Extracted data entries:
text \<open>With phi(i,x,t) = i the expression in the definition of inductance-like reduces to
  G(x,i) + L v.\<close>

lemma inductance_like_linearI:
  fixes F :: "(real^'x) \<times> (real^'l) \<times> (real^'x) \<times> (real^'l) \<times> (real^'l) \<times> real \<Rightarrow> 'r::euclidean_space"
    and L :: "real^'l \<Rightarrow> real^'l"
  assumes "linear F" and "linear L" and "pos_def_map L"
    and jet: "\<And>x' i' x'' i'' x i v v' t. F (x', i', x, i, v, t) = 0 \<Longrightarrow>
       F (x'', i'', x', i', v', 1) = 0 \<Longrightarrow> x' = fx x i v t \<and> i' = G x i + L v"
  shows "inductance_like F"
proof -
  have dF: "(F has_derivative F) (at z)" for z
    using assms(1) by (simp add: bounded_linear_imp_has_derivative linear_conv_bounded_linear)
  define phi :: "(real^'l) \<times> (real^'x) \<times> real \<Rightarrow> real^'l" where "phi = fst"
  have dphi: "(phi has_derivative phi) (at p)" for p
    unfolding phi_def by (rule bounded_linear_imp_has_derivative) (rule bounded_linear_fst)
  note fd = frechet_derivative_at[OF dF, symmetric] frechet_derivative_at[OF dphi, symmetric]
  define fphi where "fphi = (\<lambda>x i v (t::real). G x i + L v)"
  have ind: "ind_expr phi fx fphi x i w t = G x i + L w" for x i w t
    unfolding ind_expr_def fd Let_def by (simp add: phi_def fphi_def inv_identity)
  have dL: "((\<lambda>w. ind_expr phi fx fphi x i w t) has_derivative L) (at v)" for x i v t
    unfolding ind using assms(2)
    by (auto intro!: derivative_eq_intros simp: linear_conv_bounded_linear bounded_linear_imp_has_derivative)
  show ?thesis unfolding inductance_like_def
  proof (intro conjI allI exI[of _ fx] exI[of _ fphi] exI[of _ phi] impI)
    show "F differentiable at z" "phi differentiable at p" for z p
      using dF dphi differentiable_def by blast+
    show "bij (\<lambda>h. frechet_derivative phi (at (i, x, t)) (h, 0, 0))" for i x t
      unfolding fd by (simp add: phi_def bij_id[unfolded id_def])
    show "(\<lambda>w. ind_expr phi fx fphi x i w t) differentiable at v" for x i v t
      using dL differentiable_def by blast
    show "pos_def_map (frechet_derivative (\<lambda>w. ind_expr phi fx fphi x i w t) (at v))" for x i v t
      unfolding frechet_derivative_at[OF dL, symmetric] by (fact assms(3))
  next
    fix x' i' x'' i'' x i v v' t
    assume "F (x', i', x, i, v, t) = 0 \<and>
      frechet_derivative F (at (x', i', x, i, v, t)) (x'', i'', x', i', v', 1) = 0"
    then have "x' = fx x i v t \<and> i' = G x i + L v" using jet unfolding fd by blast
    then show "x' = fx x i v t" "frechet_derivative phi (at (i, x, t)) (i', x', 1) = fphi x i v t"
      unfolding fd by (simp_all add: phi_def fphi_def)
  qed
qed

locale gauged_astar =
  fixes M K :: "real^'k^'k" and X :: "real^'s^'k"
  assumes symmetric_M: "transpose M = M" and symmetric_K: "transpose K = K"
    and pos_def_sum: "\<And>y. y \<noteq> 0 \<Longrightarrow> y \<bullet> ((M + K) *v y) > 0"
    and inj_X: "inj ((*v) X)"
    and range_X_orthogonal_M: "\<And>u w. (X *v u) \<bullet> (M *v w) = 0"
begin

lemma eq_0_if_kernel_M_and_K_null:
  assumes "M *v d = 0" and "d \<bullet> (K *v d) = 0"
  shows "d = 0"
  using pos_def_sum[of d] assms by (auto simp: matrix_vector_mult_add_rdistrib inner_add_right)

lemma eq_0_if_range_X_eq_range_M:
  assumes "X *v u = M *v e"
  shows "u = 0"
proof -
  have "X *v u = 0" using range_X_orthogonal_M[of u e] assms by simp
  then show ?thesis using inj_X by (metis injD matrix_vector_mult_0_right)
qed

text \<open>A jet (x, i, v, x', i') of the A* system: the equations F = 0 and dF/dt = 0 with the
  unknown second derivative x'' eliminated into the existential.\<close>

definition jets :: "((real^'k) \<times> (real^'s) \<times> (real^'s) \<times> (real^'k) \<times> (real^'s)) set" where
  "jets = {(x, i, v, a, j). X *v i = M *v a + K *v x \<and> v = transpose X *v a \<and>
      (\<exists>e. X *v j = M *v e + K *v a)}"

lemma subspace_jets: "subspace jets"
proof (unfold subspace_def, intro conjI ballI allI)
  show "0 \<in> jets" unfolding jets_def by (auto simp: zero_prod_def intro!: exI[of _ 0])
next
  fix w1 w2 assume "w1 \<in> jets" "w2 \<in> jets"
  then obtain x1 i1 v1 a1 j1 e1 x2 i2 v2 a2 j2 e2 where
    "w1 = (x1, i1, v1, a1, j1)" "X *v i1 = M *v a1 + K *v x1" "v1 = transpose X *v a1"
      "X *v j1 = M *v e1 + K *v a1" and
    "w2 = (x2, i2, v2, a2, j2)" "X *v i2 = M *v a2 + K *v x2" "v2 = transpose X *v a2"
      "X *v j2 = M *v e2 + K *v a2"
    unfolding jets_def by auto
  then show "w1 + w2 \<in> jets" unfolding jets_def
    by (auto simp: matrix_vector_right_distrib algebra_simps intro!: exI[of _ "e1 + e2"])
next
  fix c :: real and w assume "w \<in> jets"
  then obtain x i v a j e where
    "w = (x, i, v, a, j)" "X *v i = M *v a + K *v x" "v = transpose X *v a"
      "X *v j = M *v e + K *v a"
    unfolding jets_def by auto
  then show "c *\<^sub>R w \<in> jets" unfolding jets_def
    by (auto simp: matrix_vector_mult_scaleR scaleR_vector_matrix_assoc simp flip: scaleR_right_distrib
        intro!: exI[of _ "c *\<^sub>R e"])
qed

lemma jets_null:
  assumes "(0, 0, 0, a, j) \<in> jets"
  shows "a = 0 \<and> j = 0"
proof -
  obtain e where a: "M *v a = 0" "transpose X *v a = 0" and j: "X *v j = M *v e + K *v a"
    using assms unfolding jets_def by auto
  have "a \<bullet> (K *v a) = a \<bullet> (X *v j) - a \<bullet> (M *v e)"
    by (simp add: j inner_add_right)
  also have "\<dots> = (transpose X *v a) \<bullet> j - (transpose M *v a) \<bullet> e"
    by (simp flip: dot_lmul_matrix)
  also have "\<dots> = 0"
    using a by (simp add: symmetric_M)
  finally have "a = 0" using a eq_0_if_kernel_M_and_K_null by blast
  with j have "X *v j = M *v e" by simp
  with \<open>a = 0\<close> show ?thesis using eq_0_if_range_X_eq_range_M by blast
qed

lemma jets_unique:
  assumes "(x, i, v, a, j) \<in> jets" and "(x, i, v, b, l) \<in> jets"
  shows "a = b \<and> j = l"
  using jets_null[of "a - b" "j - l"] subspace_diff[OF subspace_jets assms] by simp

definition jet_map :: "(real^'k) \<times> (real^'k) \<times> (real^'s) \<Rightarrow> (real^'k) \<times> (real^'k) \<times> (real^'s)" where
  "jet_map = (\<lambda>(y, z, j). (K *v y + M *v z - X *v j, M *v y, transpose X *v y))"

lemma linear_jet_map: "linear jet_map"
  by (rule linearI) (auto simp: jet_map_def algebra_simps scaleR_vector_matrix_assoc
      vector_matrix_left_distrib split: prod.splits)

TASK DETAILS: Return each line of the data above that includes the word "rule".

SOLUTION:
    unfolding phi_def by (rule bounded_linear_imp_has_derivative) (rule bounded_linear_fst)
  by (rule linearI) (auto simp: jet_map_def algebra_simps scaleR_vector_matrix_assoc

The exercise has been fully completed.